What is being asked
Every line of the entries with the word "proof" in it should be shown.

Given data: Begin

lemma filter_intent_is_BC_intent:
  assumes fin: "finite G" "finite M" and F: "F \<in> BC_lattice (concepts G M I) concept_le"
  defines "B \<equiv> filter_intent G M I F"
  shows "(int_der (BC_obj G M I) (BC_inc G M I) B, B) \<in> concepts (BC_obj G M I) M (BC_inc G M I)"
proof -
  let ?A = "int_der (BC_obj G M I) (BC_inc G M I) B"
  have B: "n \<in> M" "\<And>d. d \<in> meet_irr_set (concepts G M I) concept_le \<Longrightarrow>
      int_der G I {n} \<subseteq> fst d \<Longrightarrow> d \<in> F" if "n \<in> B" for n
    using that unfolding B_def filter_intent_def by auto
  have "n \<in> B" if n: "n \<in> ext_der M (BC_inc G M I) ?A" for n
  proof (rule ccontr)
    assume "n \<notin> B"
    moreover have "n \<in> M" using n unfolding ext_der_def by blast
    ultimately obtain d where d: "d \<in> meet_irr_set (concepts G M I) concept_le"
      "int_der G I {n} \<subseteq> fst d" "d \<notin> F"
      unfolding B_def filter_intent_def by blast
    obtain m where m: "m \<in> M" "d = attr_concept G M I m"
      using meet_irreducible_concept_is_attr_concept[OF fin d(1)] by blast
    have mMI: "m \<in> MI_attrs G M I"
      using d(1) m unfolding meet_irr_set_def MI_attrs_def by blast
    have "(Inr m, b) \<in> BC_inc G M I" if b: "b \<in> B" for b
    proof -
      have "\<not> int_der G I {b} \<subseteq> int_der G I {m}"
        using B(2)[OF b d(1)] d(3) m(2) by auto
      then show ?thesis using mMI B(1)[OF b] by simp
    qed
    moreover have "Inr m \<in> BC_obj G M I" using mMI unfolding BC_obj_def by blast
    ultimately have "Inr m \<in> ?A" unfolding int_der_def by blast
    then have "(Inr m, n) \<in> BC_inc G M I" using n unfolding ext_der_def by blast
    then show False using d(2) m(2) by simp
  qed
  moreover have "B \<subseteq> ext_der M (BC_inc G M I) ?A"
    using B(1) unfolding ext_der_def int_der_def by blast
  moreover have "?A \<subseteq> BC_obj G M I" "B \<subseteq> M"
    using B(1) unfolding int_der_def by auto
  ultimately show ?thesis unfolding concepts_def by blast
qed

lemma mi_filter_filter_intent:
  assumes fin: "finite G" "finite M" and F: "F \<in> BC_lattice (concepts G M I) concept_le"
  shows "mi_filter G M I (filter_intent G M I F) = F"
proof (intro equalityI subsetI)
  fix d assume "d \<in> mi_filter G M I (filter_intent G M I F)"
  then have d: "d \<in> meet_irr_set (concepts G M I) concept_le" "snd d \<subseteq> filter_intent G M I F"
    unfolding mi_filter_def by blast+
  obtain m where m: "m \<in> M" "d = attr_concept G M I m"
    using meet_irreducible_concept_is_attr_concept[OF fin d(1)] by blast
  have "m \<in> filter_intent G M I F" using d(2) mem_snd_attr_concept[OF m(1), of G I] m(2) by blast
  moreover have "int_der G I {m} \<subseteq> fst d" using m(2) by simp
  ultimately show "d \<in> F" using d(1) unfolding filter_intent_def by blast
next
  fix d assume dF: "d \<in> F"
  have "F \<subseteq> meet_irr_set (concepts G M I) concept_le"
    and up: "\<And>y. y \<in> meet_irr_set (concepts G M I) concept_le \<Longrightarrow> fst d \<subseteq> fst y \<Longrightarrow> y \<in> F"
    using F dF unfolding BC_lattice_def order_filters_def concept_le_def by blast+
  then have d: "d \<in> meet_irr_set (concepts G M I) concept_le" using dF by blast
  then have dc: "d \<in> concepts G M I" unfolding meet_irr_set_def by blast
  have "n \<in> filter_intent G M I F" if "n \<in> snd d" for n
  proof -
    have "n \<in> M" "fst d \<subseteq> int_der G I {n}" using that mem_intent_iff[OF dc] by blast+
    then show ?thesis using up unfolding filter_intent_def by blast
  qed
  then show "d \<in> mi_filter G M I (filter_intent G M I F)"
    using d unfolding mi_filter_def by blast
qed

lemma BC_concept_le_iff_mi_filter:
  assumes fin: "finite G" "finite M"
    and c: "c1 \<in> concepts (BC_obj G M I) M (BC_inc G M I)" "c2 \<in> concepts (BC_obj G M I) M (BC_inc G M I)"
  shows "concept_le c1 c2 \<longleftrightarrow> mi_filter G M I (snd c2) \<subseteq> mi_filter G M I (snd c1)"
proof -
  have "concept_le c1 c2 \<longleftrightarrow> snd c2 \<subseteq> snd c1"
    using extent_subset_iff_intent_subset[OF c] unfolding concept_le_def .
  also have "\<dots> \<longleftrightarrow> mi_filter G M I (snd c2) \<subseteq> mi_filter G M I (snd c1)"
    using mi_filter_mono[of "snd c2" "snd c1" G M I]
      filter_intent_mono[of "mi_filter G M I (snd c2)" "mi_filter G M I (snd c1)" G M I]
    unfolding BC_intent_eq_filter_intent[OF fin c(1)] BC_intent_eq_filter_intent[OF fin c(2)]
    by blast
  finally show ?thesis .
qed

Given data: End

Answer below
proof -
  proof (rule ccontr)
    proof -
proof (intro equalityI subsetI)
  proof -
proof -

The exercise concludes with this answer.